◆ **Task to complete**: Find the line containing "else if k = 4" in the records below. Copy exactly that line and each one after it, ending at the line containing "j. \<bar>slice_combination T2", and nothing more.
Excerpted records: Begin
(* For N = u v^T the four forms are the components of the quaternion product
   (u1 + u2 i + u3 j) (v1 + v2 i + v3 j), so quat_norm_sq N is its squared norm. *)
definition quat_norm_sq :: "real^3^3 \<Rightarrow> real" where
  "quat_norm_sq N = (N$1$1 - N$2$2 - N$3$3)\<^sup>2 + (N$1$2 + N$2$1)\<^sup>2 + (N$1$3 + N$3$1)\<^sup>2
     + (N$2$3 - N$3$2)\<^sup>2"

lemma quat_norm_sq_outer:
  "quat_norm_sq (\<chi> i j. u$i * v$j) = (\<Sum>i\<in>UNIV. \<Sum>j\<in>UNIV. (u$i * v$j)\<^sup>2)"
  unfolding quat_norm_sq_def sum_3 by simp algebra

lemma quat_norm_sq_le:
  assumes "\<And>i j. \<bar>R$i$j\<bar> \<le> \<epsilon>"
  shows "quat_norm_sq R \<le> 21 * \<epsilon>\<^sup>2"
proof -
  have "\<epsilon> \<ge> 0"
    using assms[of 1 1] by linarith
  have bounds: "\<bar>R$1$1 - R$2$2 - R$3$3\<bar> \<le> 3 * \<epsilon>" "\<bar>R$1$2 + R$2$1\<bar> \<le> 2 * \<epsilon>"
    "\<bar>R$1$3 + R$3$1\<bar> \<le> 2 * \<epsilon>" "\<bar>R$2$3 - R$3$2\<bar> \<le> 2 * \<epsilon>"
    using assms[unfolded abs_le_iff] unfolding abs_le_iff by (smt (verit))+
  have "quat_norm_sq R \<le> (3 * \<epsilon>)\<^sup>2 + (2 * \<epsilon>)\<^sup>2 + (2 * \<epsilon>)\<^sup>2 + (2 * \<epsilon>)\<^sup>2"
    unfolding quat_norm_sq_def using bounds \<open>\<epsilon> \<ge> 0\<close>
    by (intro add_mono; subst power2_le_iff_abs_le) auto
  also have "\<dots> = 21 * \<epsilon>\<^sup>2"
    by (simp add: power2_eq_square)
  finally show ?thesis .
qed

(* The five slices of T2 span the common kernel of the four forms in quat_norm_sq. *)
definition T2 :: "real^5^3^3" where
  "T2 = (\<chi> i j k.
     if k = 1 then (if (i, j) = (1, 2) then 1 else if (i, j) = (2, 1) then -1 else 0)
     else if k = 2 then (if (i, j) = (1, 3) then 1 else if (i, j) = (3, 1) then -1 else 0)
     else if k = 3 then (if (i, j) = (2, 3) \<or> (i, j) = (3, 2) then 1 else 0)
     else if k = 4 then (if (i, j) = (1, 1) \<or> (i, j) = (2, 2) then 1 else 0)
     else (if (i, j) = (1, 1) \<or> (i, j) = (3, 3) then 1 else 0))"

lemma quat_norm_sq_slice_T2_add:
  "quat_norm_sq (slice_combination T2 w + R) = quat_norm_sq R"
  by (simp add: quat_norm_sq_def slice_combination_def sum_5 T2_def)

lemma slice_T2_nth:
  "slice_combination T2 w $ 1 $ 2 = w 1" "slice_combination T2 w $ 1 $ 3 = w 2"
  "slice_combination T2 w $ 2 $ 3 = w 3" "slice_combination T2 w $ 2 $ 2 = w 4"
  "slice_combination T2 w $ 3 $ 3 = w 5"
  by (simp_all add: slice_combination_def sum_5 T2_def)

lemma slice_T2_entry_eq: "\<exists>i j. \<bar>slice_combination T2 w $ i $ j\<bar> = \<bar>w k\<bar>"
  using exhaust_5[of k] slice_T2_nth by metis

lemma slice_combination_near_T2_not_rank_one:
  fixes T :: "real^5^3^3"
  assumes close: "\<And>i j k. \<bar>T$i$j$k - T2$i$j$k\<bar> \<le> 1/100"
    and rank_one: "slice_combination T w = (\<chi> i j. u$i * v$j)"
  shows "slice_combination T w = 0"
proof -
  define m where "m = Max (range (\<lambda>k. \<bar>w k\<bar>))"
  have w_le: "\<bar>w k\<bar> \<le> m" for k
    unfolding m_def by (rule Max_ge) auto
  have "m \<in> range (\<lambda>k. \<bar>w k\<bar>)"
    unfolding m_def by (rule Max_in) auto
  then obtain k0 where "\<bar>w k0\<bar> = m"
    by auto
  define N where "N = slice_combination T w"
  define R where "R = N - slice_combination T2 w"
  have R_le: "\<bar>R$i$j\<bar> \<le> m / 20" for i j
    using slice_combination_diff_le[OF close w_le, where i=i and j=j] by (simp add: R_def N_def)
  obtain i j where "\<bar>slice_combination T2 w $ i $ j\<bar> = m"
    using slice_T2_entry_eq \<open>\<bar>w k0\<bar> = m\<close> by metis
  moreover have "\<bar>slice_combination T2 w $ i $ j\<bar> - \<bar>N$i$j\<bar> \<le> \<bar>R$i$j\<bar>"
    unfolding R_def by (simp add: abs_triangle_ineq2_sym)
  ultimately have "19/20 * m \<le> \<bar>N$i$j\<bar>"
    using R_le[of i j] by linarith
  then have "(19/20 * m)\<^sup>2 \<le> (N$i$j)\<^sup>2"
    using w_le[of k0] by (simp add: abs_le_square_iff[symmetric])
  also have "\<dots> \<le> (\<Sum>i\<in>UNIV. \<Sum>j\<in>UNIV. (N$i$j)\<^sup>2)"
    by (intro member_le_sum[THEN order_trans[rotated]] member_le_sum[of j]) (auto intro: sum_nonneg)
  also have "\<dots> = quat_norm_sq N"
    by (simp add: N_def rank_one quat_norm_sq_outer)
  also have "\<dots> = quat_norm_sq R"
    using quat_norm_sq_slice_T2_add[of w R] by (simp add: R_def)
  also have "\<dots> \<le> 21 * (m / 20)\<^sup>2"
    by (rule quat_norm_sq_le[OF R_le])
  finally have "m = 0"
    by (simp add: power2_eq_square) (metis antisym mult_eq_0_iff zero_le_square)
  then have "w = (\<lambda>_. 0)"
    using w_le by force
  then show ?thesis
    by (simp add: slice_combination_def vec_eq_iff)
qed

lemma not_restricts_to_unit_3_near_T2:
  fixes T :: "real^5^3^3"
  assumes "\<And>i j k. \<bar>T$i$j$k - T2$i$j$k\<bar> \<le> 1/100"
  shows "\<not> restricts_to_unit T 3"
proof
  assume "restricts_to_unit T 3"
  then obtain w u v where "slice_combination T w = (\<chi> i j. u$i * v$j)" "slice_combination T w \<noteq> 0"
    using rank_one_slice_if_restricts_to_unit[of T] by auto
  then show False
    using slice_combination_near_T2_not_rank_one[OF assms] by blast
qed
Excerpted records: End
◆ **Finished task**:
     else if k = 4 then (if (i, j) = (1, 1) \<or> (i, j) = (2, 2) then 1 else 0)
     else (if (i, j) = (1, 1) \<or> (i, j) = (3, 3) then 1 else 0))"

lemma quat_norm_sq_slice_T2_add:
  "quat_norm_sq (slice_combination T2 w + R) = quat_norm_sq R"
  by (simp add: quat_norm_sq_def slice_combination_def sum_5 T2_def)

lemma slice_T2_nth:
  "slice_combination T2 w $ 1 $ 2 = w 1" "slice_combination T2 w $ 1 $ 3 = w 2"
  "slice_combination T2 w $ 2 $ 3 = w 3" "slice_combination T2 w $ 2 $ 2 = w 4"
  "slice_combination T2 w $ 3 $ 3 = w 5"
  by (simp_all add: slice_combination_def sum_5 T2_def)

lemma slice_T2_entry_eq: "\<exists>i j. \<bar>slice_combination T2 w $ i $ j\<bar> = \<bar>w k\<bar>"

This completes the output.